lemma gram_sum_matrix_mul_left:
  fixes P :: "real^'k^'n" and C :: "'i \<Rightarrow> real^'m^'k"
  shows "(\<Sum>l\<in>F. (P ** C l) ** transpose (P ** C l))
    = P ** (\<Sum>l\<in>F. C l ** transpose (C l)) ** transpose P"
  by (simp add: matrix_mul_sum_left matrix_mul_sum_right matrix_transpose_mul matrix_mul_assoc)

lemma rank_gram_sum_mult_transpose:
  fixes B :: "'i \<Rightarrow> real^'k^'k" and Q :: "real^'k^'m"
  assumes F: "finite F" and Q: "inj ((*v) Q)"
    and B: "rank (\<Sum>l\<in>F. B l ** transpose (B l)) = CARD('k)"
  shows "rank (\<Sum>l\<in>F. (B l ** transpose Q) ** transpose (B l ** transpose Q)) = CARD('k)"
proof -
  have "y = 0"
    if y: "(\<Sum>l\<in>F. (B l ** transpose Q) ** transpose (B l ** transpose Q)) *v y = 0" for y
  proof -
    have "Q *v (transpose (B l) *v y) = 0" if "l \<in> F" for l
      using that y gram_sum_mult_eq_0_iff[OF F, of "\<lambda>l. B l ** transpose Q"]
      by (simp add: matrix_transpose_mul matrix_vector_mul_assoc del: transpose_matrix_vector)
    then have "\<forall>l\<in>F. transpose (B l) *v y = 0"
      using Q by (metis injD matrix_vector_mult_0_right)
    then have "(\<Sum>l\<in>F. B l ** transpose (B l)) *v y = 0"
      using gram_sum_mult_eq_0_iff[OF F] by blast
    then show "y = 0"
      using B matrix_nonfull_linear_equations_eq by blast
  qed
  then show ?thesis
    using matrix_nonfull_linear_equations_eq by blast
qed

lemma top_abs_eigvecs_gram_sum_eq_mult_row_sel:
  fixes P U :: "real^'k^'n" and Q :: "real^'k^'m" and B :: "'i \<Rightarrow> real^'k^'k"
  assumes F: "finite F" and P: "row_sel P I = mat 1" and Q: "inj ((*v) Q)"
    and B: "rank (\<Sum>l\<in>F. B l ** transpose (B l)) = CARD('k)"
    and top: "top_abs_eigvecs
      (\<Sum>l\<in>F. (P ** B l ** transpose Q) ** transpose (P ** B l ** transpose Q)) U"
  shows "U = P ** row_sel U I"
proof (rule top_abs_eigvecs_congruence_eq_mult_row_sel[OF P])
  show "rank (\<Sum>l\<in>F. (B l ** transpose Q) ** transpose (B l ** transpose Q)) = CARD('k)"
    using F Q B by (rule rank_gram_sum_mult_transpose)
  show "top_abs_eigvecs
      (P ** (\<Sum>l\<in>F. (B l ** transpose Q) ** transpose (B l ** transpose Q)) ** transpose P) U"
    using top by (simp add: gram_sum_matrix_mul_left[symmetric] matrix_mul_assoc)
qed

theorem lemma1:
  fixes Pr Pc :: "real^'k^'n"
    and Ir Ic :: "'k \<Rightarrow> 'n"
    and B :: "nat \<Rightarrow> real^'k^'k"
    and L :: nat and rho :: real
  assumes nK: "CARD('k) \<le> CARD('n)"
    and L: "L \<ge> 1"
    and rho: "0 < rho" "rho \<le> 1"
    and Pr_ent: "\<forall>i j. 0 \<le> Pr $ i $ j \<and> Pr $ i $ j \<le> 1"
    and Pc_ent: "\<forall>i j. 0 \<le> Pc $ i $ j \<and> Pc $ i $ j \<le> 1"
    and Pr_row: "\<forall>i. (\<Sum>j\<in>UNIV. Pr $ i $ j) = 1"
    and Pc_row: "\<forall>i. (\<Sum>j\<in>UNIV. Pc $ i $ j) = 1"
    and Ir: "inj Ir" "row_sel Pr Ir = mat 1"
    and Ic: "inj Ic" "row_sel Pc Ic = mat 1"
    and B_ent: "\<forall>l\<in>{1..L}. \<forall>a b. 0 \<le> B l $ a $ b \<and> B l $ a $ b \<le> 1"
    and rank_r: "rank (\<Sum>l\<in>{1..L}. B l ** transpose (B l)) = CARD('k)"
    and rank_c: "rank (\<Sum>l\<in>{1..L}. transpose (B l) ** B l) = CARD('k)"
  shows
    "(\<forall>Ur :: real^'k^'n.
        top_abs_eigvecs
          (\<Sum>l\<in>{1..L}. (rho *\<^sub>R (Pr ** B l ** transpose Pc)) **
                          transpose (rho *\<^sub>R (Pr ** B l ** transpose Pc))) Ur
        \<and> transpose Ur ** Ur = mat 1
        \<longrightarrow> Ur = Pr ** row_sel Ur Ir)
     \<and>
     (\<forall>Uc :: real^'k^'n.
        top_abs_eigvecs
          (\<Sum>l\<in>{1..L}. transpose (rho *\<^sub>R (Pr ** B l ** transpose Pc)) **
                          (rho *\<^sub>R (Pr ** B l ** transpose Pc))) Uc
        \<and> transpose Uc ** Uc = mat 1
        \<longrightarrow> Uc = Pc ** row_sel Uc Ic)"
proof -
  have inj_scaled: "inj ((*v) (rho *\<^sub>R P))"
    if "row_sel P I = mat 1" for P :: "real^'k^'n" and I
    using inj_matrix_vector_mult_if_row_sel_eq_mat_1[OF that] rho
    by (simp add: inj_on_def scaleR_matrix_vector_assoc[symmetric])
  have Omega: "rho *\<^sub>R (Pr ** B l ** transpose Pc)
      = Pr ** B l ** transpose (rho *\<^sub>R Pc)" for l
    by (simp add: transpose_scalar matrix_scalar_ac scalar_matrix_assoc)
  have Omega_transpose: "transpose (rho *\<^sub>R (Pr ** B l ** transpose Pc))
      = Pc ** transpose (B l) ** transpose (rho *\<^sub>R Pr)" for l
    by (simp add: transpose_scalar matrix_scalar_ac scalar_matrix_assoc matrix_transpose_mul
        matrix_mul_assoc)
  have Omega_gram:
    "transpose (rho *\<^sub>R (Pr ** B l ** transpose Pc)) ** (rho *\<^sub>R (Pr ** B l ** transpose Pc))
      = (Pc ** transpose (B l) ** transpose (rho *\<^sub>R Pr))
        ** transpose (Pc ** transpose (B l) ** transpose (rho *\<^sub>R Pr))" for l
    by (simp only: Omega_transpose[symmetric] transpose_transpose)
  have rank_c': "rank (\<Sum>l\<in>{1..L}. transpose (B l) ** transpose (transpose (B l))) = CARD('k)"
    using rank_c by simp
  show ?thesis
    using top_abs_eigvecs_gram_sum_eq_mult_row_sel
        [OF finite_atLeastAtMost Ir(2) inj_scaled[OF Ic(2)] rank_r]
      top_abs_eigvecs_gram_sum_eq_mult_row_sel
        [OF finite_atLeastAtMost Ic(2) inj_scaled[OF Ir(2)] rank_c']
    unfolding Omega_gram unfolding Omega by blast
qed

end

* * *

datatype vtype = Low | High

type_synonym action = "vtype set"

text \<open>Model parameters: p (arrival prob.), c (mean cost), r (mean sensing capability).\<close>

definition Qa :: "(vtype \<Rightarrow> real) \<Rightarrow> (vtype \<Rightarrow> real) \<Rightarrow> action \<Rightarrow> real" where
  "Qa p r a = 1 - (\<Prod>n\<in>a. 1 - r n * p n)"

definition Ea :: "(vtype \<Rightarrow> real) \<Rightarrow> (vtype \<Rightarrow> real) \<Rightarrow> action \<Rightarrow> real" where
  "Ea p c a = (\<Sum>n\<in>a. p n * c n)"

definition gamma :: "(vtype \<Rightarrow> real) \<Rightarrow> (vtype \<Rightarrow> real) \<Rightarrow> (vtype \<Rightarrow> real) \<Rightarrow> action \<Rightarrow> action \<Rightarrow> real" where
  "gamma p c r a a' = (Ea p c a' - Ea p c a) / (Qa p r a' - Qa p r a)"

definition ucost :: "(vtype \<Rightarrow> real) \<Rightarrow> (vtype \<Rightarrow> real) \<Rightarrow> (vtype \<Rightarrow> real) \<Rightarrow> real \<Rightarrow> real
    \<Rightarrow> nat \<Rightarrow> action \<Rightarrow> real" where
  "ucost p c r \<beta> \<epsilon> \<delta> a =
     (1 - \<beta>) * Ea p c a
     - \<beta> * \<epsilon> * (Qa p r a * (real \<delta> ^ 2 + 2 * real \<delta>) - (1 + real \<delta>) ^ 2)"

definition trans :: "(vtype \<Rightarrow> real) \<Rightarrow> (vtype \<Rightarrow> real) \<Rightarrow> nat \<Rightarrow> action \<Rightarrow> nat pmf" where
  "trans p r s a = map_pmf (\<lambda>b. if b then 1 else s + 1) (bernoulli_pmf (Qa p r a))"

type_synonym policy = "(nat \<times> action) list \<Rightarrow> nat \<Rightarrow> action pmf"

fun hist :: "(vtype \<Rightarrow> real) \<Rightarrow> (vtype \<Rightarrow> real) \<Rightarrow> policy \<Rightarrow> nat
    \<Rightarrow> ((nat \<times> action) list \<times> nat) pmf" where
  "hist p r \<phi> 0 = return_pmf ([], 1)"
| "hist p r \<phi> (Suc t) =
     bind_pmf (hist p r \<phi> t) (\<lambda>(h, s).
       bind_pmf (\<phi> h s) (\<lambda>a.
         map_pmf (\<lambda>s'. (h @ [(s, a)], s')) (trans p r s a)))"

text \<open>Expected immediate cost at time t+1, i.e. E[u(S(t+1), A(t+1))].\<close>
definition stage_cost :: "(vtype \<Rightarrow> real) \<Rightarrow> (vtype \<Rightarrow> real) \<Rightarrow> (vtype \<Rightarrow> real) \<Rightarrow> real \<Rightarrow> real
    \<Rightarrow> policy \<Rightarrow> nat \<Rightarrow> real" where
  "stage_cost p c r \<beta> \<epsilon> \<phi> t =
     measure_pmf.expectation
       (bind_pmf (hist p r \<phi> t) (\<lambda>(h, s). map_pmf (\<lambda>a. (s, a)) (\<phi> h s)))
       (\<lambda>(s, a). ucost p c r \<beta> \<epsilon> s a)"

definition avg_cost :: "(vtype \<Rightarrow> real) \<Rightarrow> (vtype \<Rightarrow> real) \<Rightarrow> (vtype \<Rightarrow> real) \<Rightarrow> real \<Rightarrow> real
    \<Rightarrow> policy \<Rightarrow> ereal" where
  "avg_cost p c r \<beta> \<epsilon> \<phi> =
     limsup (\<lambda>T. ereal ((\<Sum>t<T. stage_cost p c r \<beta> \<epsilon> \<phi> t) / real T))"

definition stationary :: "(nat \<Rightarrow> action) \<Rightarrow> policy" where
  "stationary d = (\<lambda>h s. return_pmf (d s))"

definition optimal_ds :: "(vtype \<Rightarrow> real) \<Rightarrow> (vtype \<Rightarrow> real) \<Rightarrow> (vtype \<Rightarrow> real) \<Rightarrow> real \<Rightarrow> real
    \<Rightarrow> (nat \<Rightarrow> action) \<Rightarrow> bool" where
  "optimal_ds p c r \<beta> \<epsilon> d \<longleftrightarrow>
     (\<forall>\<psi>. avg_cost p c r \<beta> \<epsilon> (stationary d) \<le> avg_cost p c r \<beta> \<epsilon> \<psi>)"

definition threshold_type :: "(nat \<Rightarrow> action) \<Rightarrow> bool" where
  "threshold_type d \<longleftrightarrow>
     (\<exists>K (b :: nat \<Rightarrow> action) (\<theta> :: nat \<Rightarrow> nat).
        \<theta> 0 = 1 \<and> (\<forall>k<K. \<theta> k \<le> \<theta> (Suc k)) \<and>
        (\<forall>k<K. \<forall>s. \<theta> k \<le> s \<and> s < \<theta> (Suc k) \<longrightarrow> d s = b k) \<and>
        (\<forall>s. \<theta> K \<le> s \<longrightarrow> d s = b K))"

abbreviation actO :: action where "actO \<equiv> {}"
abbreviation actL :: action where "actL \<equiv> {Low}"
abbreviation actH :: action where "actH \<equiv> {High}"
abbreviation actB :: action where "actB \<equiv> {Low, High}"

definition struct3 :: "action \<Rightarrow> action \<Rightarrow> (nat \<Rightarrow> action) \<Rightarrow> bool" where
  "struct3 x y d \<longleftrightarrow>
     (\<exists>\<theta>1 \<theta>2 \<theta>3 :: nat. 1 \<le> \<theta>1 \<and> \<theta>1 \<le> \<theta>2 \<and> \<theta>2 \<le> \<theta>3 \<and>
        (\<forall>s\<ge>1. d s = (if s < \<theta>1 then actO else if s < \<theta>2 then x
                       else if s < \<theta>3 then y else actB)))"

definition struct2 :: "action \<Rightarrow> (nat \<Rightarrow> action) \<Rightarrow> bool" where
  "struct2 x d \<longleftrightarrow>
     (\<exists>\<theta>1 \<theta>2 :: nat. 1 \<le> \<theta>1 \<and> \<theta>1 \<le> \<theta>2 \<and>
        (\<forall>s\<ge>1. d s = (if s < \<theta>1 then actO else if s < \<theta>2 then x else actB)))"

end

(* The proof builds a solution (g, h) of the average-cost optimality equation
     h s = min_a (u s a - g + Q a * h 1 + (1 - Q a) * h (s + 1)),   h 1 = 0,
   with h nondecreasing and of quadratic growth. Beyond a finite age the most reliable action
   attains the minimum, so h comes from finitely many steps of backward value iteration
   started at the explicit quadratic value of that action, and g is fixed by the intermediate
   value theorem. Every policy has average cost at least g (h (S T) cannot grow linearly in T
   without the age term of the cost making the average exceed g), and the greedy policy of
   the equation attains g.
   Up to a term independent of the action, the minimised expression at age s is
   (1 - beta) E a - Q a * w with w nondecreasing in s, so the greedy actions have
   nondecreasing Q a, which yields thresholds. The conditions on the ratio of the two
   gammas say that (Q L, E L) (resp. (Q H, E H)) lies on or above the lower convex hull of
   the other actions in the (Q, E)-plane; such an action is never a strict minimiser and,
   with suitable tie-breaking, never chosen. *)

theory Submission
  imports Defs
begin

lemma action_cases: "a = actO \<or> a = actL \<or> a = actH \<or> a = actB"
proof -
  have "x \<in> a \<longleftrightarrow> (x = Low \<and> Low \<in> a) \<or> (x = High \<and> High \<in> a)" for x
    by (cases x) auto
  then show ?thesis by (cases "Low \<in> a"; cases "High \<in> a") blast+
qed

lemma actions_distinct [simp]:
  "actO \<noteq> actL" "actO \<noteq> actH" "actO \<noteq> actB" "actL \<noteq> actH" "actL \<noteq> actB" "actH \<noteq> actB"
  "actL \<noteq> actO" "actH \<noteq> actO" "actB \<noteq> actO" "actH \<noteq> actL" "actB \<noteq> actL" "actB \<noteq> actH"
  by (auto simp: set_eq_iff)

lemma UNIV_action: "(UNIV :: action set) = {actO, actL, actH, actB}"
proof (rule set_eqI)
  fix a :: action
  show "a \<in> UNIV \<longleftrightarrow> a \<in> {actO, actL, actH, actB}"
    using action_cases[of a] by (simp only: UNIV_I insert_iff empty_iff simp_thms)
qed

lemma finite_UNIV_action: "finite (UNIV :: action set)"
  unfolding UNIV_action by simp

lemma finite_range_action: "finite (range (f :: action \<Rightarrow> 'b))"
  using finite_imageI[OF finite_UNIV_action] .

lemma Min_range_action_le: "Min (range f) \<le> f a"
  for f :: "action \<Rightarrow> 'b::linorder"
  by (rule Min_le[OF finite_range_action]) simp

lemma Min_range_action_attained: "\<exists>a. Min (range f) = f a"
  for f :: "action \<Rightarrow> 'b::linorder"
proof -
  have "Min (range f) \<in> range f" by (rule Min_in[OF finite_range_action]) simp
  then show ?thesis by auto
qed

Exercise:
Return only the lines between the one holding "((nat \<times> action)" and the one holding "(\<forall>k<K. \<forall>s. \<theta>", inclusive, exactly as they appear above.

Exercise solution:
    \<Rightarrow> ((nat \<times> action) list \<times> nat) pmf" where
  "hist p r \<phi> 0 = return_pmf ([], 1)"
| "hist p r \<phi> (Suc t) =
     bind_pmf (hist p r \<phi> t) (\<lambda>(h, s).
       bind_pmf (\<phi> h s) (\<lambda>a.
         map_pmf (\<lambda>s'. (h @ [(s, a)], s')) (trans p r s a)))"

text \<open>Expected immediate cost at time t+1, i.e. E[u(S(t+1), A(t+1))].\<close>
definition stage_cost :: "(vtype \<Rightarrow> real) \<Rightarrow> (vtype \<Rightarrow> real) \<Rightarrow> (vtype \<Rightarrow> real) \<Rightarrow> real \<Rightarrow> real
    \<Rightarrow> policy \<Rightarrow> nat \<Rightarrow> real" where
  "stage_cost p c r \<beta> \<epsilon> \<phi> t =
     measure_pmf.expectation
       (bind_pmf (hist p r \<phi> t) (\<lambda>(h, s). map_pmf (\<lambda>a. (s, a)) (\<phi> h s)))
       (\<lambda>(s, a). ucost p c r \<beta> \<epsilon> s a)"

definition avg_cost :: "(vtype \<Rightarrow> real) \<Rightarrow> (vtype \<Rightarrow> real) \<Rightarrow> (vtype \<Rightarrow> real) \<Rightarrow> real \<Rightarrow> real
    \<Rightarrow> policy \<Rightarrow> ereal" where
  "avg_cost p c r \<beta> \<epsilon> \<phi> =
     limsup (\<lambda>T. ereal ((\<Sum>t<T. stage_cost p c r \<beta> \<epsilon> \<phi> t) / real T))"

definition stationary :: "(nat \<Rightarrow> action) \<Rightarrow> policy" where
  "stationary d = (\<lambda>h s. return_pmf (d s))"

definition optimal_ds :: "(vtype \<Rightarrow> real) \<Rightarrow> (vtype \<Rightarrow> real) \<Rightarrow> (vtype \<Rightarrow> real) \<Rightarrow> real \<Rightarrow> real
    \<Rightarrow> (nat \<Rightarrow> action) \<Rightarrow> bool" where
  "optimal_ds p c r \<beta> \<epsilon> d \<longleftrightarrow>
     (\<forall>\<psi>. avg_cost p c r \<beta> \<epsilon> (stationary d) \<le> avg_cost p c r \<beta> \<epsilon> \<psi>)"

definition threshold_type :: "(nat \<Rightarrow> action) \<Rightarrow> bool" where
  "threshold_type d \<longleftrightarrow>
     (\<exists>K (b :: nat \<Rightarrow> action) (\<theta> :: nat \<Rightarrow> nat).
        \<theta> 0 = 1 \<and> (\<forall>k<K. \<theta> k \<le> \<theta> (Suc k)) \<and>
        (\<forall>k<K. \<forall>s. \<theta> k \<le> s \<and> s < \<theta> (Suc k) \<longrightarrow> d s = b k) \<and>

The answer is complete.